[Stored items]
━━━━━━━━━━━━━━━━

lemma power_sums_mod_surj:
  fixes x :: "'a \<Rightarrow> nat"
  assumes p: "prime p" and J: "finite J" "card J = L"
    and x: "inj_on x J" "x ` J \<subseteq> {..<p}"
  shows "\<exists>a\<in>J \<rightarrow>\<^sub>E {..<p}. \<forall>m<L. (\<Sum>j\<in>J. a j * x j ^ m) mod p = v m mod p"
proof -
  define power_sums where
    "power_sums a = (\<lambda>m\<in>{..<L}. (\<Sum>j\<in>J. a j * x j ^ m) mod p)" for a
  have p0: "0 < p" using p prime_gt_0_nat by blast
  have inj: "inj_on power_sums (J \<rightarrow>\<^sub>E {..<p})"
    unfolding power_sums_def using inj_on_power_sums_mod[OF p J(1) _ x] J(2) by simp
  have sub: "power_sums ` (J \<rightarrow>\<^sub>E {..<p}) \<subseteq> {..<L} \<rightarrow>\<^sub>E {..<p}"
    using p0 by (intro image_subsetI) (simp add: power_sums_def)
  have "card (J \<rightarrow>\<^sub>E {..<p}) = card ({..<L} \<rightarrow>\<^sub>E {..<p})"
    using J by (simp add: card_PiE)
  then have onto: "power_sums ` (J \<rightarrow>\<^sub>E {..<p}) = {..<L} \<rightarrow>\<^sub>E {..<p}"
    using card_subset_eq[OF finite_PiE sub] card_image[OF inj] by simp
  have "(\<lambda>m\<in>{..<L}. v m mod p) \<in> {..<L} \<rightarrow>\<^sub>E {..<p}"
    using p0 by simp
  then obtain a where a: "a \<in> J \<rightarrow>\<^sub>E {..<p}" "power_sums a = (\<lambda>m\<in>{..<L}. v m mod p)"
    unfolding onto[symmetric] by (rule imageE) simp
  have "(\<Sum>j\<in>J. a j * x j ^ m) mod p = v m mod p" if "m < L" for m
    using fun_cong[OF a(2), of m] that by (simp add: power_sums_def)
  with a(1) show ?thesis by blast
qed

lemma map_pmf_pair_eq_bind:
  "map_pmf (\<lambda>(x, y). f x y) (pair_pmf A B) = A \<bind> (\<lambda>x. map_pmf (f x) B)"
  by (simp add: pair_pmf_def map_pmf_def bind_assoc_pmf bind_return_pmf)

lemma finite_msg_space: "finite (msg_space p K L)"
proof -
  let ?G = "{g. \<forall>x. (x \<in> {..<K} \<times> {..<L} \<longrightarrow> g x \<in> {..<p}) \<and>
                   (x \<notin> {..<K} \<times> {..<L} \<longrightarrow> g x = 0)}"
  have "msg_space p K L \<subseteq> curry ` ?G"
  proof
    fix w assume "w \<in> msg_space p K L"
    then show "w \<in> curry ` ?G"
      by (intro image_eqI[of _ _ "case_prod w"]) (auto simp: msg_space_def)
  qed
  moreover have "finite ?G" by (intro finite_set_of_finite_funs) auto
  ultimately show ?thesis by (meson finite_imageI finite_subset)
qed

lemma msg_space_nonempty: "0 < p \<Longrightarrow> msg_space p K L \<noteq> {}"
  by (auto simp: msg_space_def intro!: exI[of _ "\<lambda>k i. 0"])

lemma msg_space_comp_permutes:
  assumes "\<sigma> permutes {..<K}" "w \<in> msg_space p K L"
  shows "w \<circ> \<sigma> \<in> msg_space p K L"
  using assms permutes_in_image[OF assms(1)] permutes_not_in[OF assms(1)]
  by (auto simp: msg_space_def)
theorem lemma3p13:
  fixes p :: nat
    and sV :: "'k::field \<Rightarrow> 'v::ab_group_add \<Rightarrow> 'v" and GV :: "int \<Rightarrow> 'v set"
    and Y :: "'v \<Rightarrow> int \<Rightarrow> 'v \<Rightarrow> 'v" and one :: 'v
    and LmV LzV LpV :: "nat \<Rightarrow> 'v \<Rightarrow> 'v"
    and sW :: "'k \<Rightarrow> 'w::ab_group_add \<Rightarrow> 'w" and GW :: "int \<Rightarrow> 'w set"
    and YW :: "'v \<Rightarrow> int \<Rightarrow> 'w \<Rightarrow> 'w"
    and LmW LzW LpW :: "nat \<Rightarrow> 'w \<Rightarrow> 'w"
    and f :: "'v \<Rightarrow> 'w"
  assumes "prime p" and "odd p" and "CHAR('k) = p" and "alg_closed_field TYPE('k)"
    and "H_module_vertex_algebra sV GV Y one LmV LzV LpV"
    and "VH_module sV GV Y one LmV LpV sW GW YW LmW LzW LpW"
    and "VH_hom sV Y LmV LzV LpV sW YW LmW LzW LpW f"
  shows "\<forall>n. f ` GV n \<subseteq> GW n"
proof (intro allI subsetI)
  have W: "weight_H_module sW GW LmW LzW LpW"
    and YW_graded: "\<And>k n v w m. v \<in> GV k \<Longrightarrow> w \<in> GW n \<Longrightarrow> YW v m w \<in> GW (k + n - m - 1)"
    using assms(6) unfolding VH_module_def by blast+
  have f_linear: "module_hom sV sW f" and f_Y: "\<And>v m u. f (Y v m u) = YW v m (f u)"
    and f_Lz: "\<And>r u. f (LzV r u) = LzW r (f u)"
    using assms(7) unfolding VH_hom_def module_hom_iff_linear by blast+
  have creation: "\<And>v. Y v (-1) one = v"
    using assms(5) unfolding H_module_vertex_algebra_def graded_vertex_algebra_def
      vertex_algebra_def by blast
  have "LzW r (f one) = 0" if "r \<ge> 1" for r
    using H_module_vertex_algebra_Lz_vacuum[OF assms(5) that] f_Lz module_hom.zero[OF f_linear]
    by metis
  then have f_one: "f one \<in> GW 0"
    by (rule weight_H_module_degree_0_if_Lz_vanishes[OF W])
  fix n y
  assume "y \<in> f ` GV n"
  then obtain v where v: "v \<in> GV n" "y = f v"
    by blast
  have "f v = YW v (-1) (f one)"
    using f_Y creation by metis
  also have "\<dots> \<in> GW (n + 0 - (-1) - 1)"
    using YW_graded v(1) f_one by blast
  finally show "y \<in> GW n"
    using v by simp
qed
lemma history_dependent_Pair:
  assumes P: "history_dependent I P" and Q: "history_dependent I Q"
  shows "history_dependent I (\<lambda>w t. (P w t, Q w t))"
proof (rule history_dependentI)
  show "continuous_on I (\<lambda>t. (P w t, Q w t))" if "continuous_on I w" for w
    using history_dependent_continuous[OF P that] history_dependent_continuous[OF Q that]
    by (rule continuous_on_Pair)
  fix J assume J: "compact J" "J \<subseteq> I"
  obtain LP where LP: "LP > 0" "\<And>w1 w2 t. continuous_on I w1 \<Longrightarrow> continuous_on I w2 \<Longrightarrow> t \<in> J \<Longrightarrow>
      norm (P w1 t - P w2 t) \<le> LP * integral {0..t} (\<lambda>s. norm (w1 s - w2 s))"
    using history_dependentD[OF P J] by blast
  obtain LQ where LQ: "LQ > 0" "\<And>w1 w2 t. continuous_on I w1 \<Longrightarrow> continuous_on I w2 \<Longrightarrow> t \<in> J \<Longrightarrow>
      norm (Q w1 t - Q w2 t) \<le> LQ * integral {0..t} (\<lambda>s. norm (w1 s - w2 s))"
    using history_dependentD[OF Q J] by blast
  have "norm ((P w1 t, Q w1 t) - (P w2 t, Q w2 t))
      \<le> (LP + LQ) * integral {0..t} (\<lambda>s. norm (w1 s - w2 s))"
    if "continuous_on I w1" "continuous_on I w2" "t \<in> J" for w1 w2 t
    using norm_Pair_le[of "P w1 t - P w2 t" "Q w1 t - Q w2 t"] LP(2)[OF that] LQ(2)[OF that]
    by (simp add: distrib_right)
  with LP(1) LQ(1) show "\<exists>L\<ge>0. \<forall>w1 w2 t. continuous_on I w1 \<longrightarrow> continuous_on I w2 \<longrightarrow> t \<in> J \<longrightarrow>
      norm ((P w1 t, Q w1 t) - (P w2 t, Q w2 t)) \<le> L * integral {0..t} (\<lambda>s. norm (w1 s - w2 s))"
    by (intro exI[of _ "LP + LQ"]) auto
qed

lemma history_dependent_lipschitz_compose:
  assumes G: "L-lipschitz_on UNIV G" and P: "history_dependent I P"
  shows "history_dependent I (\<lambda>w t. G (P w t))"
proof (rule history_dependentI)
  show "continuous_on I (\<lambda>t. G (P w t))" if "continuous_on I w" for w
    using continuous_on_compose2[OF lipschitz_on_continuous_on[OF G]
        history_dependent_continuous[OF P that]] by simp
  fix J assume J: "compact J" "J \<subseteq> I"
  obtain LP where LP: "LP > 0" "\<And>w1 w2 t. continuous_on I w1 \<Longrightarrow> continuous_on I w2 \<Longrightarrow> t \<in> J \<Longrightarrow>
      norm (P w1 t - P w2 t) \<le> LP * integral {0..t} (\<lambda>s. norm (w1 s - w2 s))"
    using history_dependentD[OF P J] by blast
  have L: "L \<ge> 0" using G by (rule lipschitz_on_nonneg)
  have "norm (G (P w1 t) - G (P w2 t)) \<le> (L * LP) * integral {0..t} (\<lambda>s. norm (w1 s - w2 s))"
    if "continuous_on I w1" "continuous_on I w2" "t \<in> J" for w1 w2 t
  proof -
    have "norm (G (P w1 t) - G (P w2 t)) \<le> L * norm (P w1 t - P w2 t)"
      using lipschitz_onD[OF G, of "P w1 t" "P w2 t"] by (simp add: dist_norm)
    also have "\<dots> \<le> L * (LP * integral {0..t} (\<lambda>s. norm (w1 s - w2 s)))"
      using LP(2)[OF that] L by (rule mult_left_mono)
    finally show ?thesis by (simp add: mult.assoc)
  qed
  with L LP(1) show "\<exists>L'\<ge>0. \<forall>w1 w2 t. continuous_on I w1 \<longrightarrow> continuous_on I w2 \<longrightarrow> t \<in> J \<longrightarrow>
      norm (G (P w1 t) - G (P w2 t)) \<le> L' * integral {0..t} (\<lambda>s. norm (w1 s - w2 s))"
    by (intro exI[of _ "L * LP"]) auto
qed

lemma history_dependent_primitive:
  assumes I: "time_interval I"
  shows "history_dependent I (\<lambda>w t. u0 + vintegral {0..t} w)"
proof (rule history_dependentI)
  show "continuous_on I (\<lambda>t. u0 + vintegral {0..t} w)" if "continuous_on I w" for w
    using has_vector_derivative_vintegral_time_interval[OF I that]
    by (intro continuous_intros)
      (meson continuous_on_eq_continuous_within has_vector_derivative_continuous)
  fix J assume "J \<subseteq> I"
  have "norm ((u0 + vintegral {0..t} w1) - (u0 + vintegral {0..t} w2))
      \<le> 1 * integral {0..t} (\<lambda>s. norm (w1 s - w2 s))"
    if "continuous_on I w1" "continuous_on I w2" "t \<in> J" for w1 w2 t
    using that \<open>J \<subseteq> I\<close> time_interval_subset[OF I]
    by (auto intro!: norm_vintegral_diff_le intro: continuous_on_subset)
  then show "\<exists>L\<ge>0. \<forall>w1 w2 t. continuous_on I w1 \<longrightarrow> continuous_on I w2 \<longrightarrow> t \<in> J \<longrightarrow>
      norm ((u0 + vintegral {0..t} w1) - (u0 + vintegral {0..t} w2))
        \<le> L * integral {0..t} (\<lambda>s. norm (w1 s - w2 s))"
    by (intro exI[of _ 1]) auto
qed

section \<open>Fixed points of history-dependent operators\<close>

lemma integral_exp_le:
  fixes \<beta> s :: real
  assumes "\<beta> > 0" "0 \<le> s"
  shows "integral {0..s} (\<lambda>r. exp (\<beta> * r)) \<le> exp (\<beta> * s) / \<beta>"
proof -
  have "((\<lambda>r. exp (\<beta> * r)) has_integral (exp (\<beta> * s) / \<beta> - exp (\<beta> * 0) / \<beta>)) {0..s}"
  proof (rule fundamental_theorem_of_calculus[OF assms(2)])
    fix x :: real
    have "((\<lambda>r. exp (\<beta> * r) / \<beta>) has_real_derivative exp (\<beta> * x)) (at x within {0..s})"
      using assms(1) by (auto intro!: derivative_eq_intros)
    then show "((\<lambda>r. exp (\<beta> * r) / \<beta>) has_vector_derivative exp (\<beta> * x)) (at x within {0..s})"
      by (simp add: has_real_derivative_iff_has_vector_derivative)
  qed
  then show ?thesis
    using assms(1) by (simp add: integral_unique)
qed

text \<open>A function on \<open>[0, T]\<close> is extended constantly outside \<open>[0, T]\<close> and damped by
  \<open>exp (- \<beta> t)\<close>; sup-norm distances of such functions are Bielecki distances, and
  \<open>unweight\<close> undoes the embedding on \<open>[0, T]\<close>.\<close>

definition weighted_clamp :: "real \<Rightarrow> real \<Rightarrow> (real \<Rightarrow> 'a::real_normed_vector) \<Rightarrow> real \<Rightarrow>\<^sub>C 'a" where
  "weighted_clamp \<beta> T h = Bcontfun (\<lambda>x. exp (- \<beta> * clamp 0 T x) *\<^sub>R h (clamp 0 T x))"

definition unweight :: "real \<Rightarrow> (real \<Rightarrow>\<^sub>C 'a::real_normed_vector) \<Rightarrow> real \<Rightarrow> 'a" where
  "unweight \<beta> F t = exp (\<beta> * t) *\<^sub>R F t"

lemma clamp_in_atLeastAtMost:
  fixes T x :: real
  assumes "0 \<le> T"
  shows "clamp 0 T x \<in> {0..T}"
proof -
  have "clamp 0 T x \<in> cbox 0 T"
    by (rule clamp_in_interval) (simp add: assms)
  then show ?thesis by (simp add: cbox_interval)
qed

lemma weighted_clamp_apply:
  assumes "continuous_on {0..T} h"
  shows "weighted_clamp \<beta> T h x = exp (- \<beta> * clamp 0 T x) *\<^sub>R h (clamp 0 T x)"
proof -
  have "continuous_on (cbox 0 T) (\<lambda>t. exp (- \<beta> * t) *\<^sub>R h t)"
    unfolding cbox_interval using assms by (intro continuous_intros)
  then obtain G :: "real \<Rightarrow>\<^sub>C 'a"
    where "\<And>x. x \<in> cbox 0 T \<Longrightarrow> G x = exp (- \<beta> * x) *\<^sub>R h x"
      and G: "\<And>x. G x = exp (- \<beta> * clamp 0 T x) *\<^sub>R h (clamp 0 T x)"
    by (rule continuous_on_cbox_bcontfunE) blast
  then have "(\<lambda>x. exp (- \<beta> * clamp 0 T x) *\<^sub>R h (clamp 0 T x)) = apply_bcontfun G"
    by auto
  then have "weighted_clamp \<beta> T h = G"
    by (simp add: weighted_clamp_def apply_bcontfun_inverse)
  with G show ?thesis by simp
qed
text \<open>(C, iota) is a coproduct in the category K of the family L indexed by I,
where the universal property is required against all test objects whose
carrier lies in the type 't (HOL cannot quantify over all types in a
formula).  Uniqueness of the mediating map is uniqueness on the carrier.\<close>

definition is_coproduct_wrt ::
  "qcat \<Rightarrow> 'i set \<Rightarrow> ('i \<Rightarrow> 'a qt) \<Rightarrow> 'c qt \<Rightarrow> ('i \<Rightarrow> 'a \<Rightarrow> 'c) \<Rightarrow> 't itself \<Rightarrow> bool" where
  "is_coproduct_wrt K I L C iota (_::'t itself) \<longleftrightarrow>
     qobj K C \<and> (\<forall>i\<in>I. qhom K (L i) C (iota i)) \<and>
     (\<forall>(Q::'t qt) (f::'i \<Rightarrow> 'a \<Rightarrow> 't). qobj K Q \<and> (\<forall>i\<in>I. qhom K (L i) Q (f i)) \<longrightarrow>
        (\<exists>h. qhom K C Q h \<and> (\<forall>i\<in>I. \<forall>x\<in>qcar (L i). h (iota i x) = f i x) \<and>
           (\<forall>h'. qhom K C Q h' \<and> (\<forall>i\<in>I. \<forall>x\<in>qcar (L i). h' (iota i x) = f i x) \<longrightarrow>
              (\<forall>y\<in>qcar C. h' y = h y))))"

end

theory Submission
  imports Defs
begin

(* Write T for the unit of C (its top, in the strong case).  A locale homomorphism into C takes
   values in the self-adjoint idempotents z <= T for which T is a two-sided unit, and these values
   commute with each other.  If a' << a in a regular locale, witnessed by b with a' /\ b = 0 and
   a \/ b = 1, then a' z <= z a and z a' <= a z for every z <= T with T z = z T = z (reading
   a, a', b through the homomorphism); as a is the join of all a' << a, the image of a commutes
   with every such z, i.e. it is central.  So the products e h of central projections e with
   h = T or h in the image of the one possibly non-regular locale form a commutative monoid of
   projections containing all generators, and the joins of its subsets form a subobject of C
   containing the images of the injections.  By the universal property of C against itself this
   subobject is all of C.  Hence every x in C is a join of projections below T, so x <= x x and T
   is a unit for C, which forces the multiplication to be the meet and T to be the top. *)

section \<open>Complete lattices and quantales on a carrier\<close>

lemma qle_refl: "complete_lattice_on Q \<Longrightarrow> a \<in> qcar Q \<Longrightarrow> qle Q a a"
  unfolding complete_lattice_on_def by blast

━━━━━━━━━━━━━━━━

Instructions for the task: Once you find the line with "T h x = exp" above, print it and every line after it up to and including the line with "0 T \<Longrightarrow>", exactly as written and nothing else.

Finished task:
  shows "weighted_clamp \<beta> T h x = exp (- \<beta> * clamp 0 T x) *\<^sub>R h (clamp 0 T x)"
proof -
  have "continuous_on (cbox 0 T) (\<lambda>t. exp (- \<beta> * t) *\<^sub>R h t)"
    unfolding cbox_interval using assms by (intro continuous_intros)
  then obtain G :: "real \<Rightarrow>\<^sub>C 'a"
    where "\<And>x. x \<in> cbox 0 T \<Longrightarrow> G x = exp (- \<beta> * x) *\<^sub>R h x"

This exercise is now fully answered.